When the line containing "is_dag_def by simp" appears in the entries below, begin printing there and stop after the line containing "length Ts \<and>"; print each of those lines exactly and no other line.

*** Opening Dataset ***

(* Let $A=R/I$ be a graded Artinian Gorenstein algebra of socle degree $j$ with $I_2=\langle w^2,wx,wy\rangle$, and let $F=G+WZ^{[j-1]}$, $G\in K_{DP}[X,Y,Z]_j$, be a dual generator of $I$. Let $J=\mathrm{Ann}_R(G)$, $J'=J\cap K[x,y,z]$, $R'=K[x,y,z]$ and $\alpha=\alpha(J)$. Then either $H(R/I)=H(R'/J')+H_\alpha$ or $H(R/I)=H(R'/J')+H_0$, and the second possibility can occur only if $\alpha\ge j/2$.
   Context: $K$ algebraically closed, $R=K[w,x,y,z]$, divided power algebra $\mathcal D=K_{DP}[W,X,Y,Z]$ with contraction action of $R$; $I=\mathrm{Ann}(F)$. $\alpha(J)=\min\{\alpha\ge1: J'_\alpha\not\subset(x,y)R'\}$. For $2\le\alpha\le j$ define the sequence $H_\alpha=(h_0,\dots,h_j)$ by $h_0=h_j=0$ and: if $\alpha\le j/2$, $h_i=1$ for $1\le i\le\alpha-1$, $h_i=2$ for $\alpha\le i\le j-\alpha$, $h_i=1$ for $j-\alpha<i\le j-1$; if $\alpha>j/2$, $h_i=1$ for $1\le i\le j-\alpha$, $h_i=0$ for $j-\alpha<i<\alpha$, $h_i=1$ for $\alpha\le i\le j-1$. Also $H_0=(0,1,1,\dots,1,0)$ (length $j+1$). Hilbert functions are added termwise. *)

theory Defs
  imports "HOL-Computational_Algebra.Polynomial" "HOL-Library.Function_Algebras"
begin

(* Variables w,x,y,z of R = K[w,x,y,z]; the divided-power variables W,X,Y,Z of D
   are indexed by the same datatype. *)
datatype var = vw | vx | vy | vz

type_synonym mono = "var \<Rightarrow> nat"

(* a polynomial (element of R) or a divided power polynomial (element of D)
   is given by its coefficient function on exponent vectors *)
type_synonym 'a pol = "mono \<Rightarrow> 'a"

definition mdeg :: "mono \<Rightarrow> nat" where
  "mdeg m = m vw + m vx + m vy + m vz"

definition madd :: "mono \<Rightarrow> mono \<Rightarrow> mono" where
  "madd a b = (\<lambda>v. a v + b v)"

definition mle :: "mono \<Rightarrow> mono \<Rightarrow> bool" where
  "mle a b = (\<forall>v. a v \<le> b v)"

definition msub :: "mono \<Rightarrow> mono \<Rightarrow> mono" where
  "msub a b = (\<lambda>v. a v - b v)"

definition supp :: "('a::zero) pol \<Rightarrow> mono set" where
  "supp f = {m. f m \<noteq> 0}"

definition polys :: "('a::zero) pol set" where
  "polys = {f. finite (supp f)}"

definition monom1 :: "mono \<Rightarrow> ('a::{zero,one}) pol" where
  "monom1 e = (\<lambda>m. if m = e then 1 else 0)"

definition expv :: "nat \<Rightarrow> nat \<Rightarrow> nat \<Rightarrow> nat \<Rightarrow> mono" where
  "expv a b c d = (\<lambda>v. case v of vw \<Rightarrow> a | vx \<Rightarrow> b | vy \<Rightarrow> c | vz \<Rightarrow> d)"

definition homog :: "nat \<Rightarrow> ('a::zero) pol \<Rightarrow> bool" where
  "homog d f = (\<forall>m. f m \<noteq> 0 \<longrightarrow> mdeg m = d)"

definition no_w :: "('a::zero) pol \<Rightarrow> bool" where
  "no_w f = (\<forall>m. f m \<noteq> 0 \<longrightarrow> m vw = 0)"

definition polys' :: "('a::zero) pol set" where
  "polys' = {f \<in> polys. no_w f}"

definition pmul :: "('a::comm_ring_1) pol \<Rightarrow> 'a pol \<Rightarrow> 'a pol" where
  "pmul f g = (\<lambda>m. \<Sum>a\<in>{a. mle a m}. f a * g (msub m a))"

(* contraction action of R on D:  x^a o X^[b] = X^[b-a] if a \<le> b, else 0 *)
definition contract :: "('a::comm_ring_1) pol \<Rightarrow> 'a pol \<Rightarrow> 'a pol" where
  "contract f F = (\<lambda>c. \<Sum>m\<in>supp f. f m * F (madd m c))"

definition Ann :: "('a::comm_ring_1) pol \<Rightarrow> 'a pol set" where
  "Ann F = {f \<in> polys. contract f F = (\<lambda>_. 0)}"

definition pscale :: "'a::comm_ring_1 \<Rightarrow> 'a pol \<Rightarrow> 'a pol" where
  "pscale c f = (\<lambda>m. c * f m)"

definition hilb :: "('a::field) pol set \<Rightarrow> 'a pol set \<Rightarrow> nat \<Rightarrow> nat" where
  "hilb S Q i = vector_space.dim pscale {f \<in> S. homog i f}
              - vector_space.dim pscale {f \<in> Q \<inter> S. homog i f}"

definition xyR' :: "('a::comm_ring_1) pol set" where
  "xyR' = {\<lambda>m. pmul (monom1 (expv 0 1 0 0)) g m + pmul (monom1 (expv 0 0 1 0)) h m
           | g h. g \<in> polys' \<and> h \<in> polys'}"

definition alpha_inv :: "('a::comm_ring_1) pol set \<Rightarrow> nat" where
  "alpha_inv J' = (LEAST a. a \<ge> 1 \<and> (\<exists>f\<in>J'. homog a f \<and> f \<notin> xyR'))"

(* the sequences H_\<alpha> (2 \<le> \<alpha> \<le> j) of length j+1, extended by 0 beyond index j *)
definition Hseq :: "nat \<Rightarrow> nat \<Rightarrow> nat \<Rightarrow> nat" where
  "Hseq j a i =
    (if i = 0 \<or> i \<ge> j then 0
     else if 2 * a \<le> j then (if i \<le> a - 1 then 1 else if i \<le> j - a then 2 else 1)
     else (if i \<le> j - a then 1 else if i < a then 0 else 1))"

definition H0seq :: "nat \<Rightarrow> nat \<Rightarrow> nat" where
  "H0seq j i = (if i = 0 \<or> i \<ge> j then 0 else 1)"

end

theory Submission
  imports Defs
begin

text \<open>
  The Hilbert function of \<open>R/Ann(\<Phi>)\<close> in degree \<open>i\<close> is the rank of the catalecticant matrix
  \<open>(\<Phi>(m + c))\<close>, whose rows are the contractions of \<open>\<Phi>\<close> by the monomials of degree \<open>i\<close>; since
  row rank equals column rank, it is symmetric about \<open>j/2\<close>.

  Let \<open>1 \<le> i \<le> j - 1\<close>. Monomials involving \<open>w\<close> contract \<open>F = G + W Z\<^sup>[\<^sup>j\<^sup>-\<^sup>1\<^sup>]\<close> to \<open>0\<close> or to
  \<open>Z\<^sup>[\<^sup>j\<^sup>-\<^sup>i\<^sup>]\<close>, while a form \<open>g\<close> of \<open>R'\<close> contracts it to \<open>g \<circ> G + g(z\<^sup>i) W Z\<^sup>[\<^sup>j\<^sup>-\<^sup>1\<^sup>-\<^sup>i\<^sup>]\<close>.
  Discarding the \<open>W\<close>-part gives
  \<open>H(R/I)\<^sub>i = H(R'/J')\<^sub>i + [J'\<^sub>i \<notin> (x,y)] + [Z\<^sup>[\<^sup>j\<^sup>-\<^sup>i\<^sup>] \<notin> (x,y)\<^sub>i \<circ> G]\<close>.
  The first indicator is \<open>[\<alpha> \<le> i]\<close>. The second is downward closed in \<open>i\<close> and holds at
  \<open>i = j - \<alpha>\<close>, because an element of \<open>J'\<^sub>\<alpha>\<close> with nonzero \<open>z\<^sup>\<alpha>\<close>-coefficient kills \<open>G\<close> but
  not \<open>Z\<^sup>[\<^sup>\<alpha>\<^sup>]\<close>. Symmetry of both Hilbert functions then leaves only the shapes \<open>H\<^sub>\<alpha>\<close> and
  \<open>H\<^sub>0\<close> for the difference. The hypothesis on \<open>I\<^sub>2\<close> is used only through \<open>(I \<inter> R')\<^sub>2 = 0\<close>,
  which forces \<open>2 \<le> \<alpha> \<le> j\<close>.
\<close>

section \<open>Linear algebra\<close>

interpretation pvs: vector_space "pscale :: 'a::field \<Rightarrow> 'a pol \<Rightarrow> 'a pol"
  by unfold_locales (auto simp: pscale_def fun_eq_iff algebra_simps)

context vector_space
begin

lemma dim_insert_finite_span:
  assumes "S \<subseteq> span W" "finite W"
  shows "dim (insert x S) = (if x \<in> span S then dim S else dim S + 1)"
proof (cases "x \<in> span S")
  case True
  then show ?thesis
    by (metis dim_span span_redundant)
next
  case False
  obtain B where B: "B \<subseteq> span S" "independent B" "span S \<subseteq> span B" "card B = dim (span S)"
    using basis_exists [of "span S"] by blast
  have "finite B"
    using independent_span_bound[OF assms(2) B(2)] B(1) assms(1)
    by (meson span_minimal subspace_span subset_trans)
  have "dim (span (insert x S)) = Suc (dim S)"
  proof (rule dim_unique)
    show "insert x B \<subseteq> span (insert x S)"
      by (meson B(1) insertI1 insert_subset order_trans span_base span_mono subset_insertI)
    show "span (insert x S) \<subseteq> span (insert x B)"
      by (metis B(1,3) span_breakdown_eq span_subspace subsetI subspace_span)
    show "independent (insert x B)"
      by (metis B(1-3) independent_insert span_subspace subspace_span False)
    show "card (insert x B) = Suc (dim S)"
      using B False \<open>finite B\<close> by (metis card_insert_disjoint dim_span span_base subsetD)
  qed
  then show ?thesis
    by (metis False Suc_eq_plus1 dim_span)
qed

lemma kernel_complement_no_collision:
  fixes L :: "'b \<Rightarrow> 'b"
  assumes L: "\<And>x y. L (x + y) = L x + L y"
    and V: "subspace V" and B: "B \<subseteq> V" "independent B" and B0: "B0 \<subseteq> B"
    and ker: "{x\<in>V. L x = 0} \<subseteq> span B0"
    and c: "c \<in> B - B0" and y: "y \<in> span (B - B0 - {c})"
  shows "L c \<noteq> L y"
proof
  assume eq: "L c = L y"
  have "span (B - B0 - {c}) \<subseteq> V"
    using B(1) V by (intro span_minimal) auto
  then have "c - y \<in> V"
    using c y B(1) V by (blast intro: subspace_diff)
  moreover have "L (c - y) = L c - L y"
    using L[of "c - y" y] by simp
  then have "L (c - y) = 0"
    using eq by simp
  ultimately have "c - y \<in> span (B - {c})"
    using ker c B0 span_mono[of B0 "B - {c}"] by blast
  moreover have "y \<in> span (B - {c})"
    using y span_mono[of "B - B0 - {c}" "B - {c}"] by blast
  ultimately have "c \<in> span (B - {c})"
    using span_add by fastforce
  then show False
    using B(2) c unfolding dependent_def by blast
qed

*** Closing Dataset ***
*** Opening Dataset ***

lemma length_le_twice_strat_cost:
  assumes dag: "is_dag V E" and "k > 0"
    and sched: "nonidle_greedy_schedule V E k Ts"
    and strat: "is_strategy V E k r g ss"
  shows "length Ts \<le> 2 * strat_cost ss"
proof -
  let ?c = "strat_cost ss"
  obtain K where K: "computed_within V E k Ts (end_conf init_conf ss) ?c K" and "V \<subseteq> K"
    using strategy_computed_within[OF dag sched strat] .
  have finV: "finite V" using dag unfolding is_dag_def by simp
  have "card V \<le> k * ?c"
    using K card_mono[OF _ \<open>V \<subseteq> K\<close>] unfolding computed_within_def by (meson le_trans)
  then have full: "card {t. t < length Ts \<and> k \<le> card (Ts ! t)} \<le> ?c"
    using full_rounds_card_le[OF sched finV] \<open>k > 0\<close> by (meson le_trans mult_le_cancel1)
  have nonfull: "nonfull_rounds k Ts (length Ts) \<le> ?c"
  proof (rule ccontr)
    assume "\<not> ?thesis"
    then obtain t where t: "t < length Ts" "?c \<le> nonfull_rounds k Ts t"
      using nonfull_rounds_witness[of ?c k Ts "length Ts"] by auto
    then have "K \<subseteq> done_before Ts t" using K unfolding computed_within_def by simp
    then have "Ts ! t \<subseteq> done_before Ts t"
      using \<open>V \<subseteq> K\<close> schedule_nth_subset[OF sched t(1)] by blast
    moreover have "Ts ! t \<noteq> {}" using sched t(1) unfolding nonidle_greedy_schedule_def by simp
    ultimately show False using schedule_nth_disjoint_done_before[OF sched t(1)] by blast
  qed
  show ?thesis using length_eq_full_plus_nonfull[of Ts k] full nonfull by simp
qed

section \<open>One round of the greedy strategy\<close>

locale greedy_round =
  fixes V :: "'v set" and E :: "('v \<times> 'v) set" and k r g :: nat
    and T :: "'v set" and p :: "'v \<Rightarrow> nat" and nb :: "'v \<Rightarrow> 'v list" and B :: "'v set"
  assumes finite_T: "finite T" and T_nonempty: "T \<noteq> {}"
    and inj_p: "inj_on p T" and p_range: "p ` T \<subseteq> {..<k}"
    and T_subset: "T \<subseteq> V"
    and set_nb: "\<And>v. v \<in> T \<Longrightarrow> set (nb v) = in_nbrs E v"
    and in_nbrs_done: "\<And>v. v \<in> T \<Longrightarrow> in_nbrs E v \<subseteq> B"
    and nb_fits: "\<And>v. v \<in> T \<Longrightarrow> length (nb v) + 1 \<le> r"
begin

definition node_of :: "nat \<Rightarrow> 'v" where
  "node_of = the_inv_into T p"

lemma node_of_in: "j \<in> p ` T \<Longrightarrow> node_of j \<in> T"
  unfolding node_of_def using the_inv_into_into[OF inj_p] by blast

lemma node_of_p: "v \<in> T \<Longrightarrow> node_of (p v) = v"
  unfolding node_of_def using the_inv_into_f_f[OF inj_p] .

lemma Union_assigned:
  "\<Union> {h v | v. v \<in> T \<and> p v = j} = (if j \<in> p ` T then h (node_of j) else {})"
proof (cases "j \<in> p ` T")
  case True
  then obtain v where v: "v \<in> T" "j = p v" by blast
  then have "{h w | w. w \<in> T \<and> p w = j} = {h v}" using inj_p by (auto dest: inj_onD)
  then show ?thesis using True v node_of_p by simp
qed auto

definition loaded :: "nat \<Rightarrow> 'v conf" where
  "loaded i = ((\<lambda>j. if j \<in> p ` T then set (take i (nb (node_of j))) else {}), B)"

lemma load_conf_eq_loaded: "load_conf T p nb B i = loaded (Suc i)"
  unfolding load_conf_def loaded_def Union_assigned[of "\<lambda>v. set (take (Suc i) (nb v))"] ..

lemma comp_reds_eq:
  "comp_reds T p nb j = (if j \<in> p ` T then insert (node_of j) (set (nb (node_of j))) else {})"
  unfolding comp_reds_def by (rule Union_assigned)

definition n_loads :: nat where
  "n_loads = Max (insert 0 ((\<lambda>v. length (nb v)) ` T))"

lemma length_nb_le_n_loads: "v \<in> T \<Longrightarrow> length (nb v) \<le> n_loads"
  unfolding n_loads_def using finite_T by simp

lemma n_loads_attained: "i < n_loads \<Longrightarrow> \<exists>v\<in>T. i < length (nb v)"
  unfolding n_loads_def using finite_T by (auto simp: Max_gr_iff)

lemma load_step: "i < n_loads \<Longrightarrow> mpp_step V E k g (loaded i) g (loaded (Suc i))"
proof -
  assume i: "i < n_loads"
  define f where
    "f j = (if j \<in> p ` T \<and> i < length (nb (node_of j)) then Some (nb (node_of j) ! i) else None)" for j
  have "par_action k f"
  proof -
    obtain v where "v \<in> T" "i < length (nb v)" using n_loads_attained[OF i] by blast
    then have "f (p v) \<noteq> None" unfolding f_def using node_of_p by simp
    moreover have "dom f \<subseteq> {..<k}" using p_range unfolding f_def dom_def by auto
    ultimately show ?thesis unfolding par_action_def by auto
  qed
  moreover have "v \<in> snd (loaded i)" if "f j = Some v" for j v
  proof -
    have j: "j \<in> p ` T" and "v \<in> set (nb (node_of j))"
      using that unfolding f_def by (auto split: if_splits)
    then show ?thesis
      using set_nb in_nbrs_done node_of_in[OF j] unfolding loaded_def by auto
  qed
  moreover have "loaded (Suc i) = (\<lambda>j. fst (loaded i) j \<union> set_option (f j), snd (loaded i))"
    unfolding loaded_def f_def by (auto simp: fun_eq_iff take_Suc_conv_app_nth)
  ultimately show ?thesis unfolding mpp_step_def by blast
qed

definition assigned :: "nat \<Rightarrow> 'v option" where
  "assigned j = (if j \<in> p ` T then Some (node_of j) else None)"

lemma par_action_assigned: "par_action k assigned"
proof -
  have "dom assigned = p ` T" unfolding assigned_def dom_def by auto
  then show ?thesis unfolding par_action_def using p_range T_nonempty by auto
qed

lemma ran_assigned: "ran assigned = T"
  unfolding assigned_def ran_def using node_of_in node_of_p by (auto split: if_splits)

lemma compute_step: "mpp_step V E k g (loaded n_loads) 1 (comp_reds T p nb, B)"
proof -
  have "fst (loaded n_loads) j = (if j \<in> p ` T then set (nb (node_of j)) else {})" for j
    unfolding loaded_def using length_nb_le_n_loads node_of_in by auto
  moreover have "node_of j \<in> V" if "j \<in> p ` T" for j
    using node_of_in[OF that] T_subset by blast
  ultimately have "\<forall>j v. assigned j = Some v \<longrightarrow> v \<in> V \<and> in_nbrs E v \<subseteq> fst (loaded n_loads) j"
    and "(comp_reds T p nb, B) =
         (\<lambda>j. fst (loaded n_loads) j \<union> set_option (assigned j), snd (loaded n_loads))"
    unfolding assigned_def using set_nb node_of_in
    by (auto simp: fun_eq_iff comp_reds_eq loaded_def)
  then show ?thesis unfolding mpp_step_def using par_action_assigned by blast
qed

*** Closing Dataset ***

Output of the task
  have finV: "finite V" using dag unfolding is_dag_def by simp
  have "card V \<le> k * ?c"
    using K card_mono[OF _ \<open>V \<subseteq> K\<close>] unfolding computed_within_def by (meson le_trans)
  then have full: "card {t. t < length Ts \<and> k \<le> card (Ts ! t)} \<le> ?c"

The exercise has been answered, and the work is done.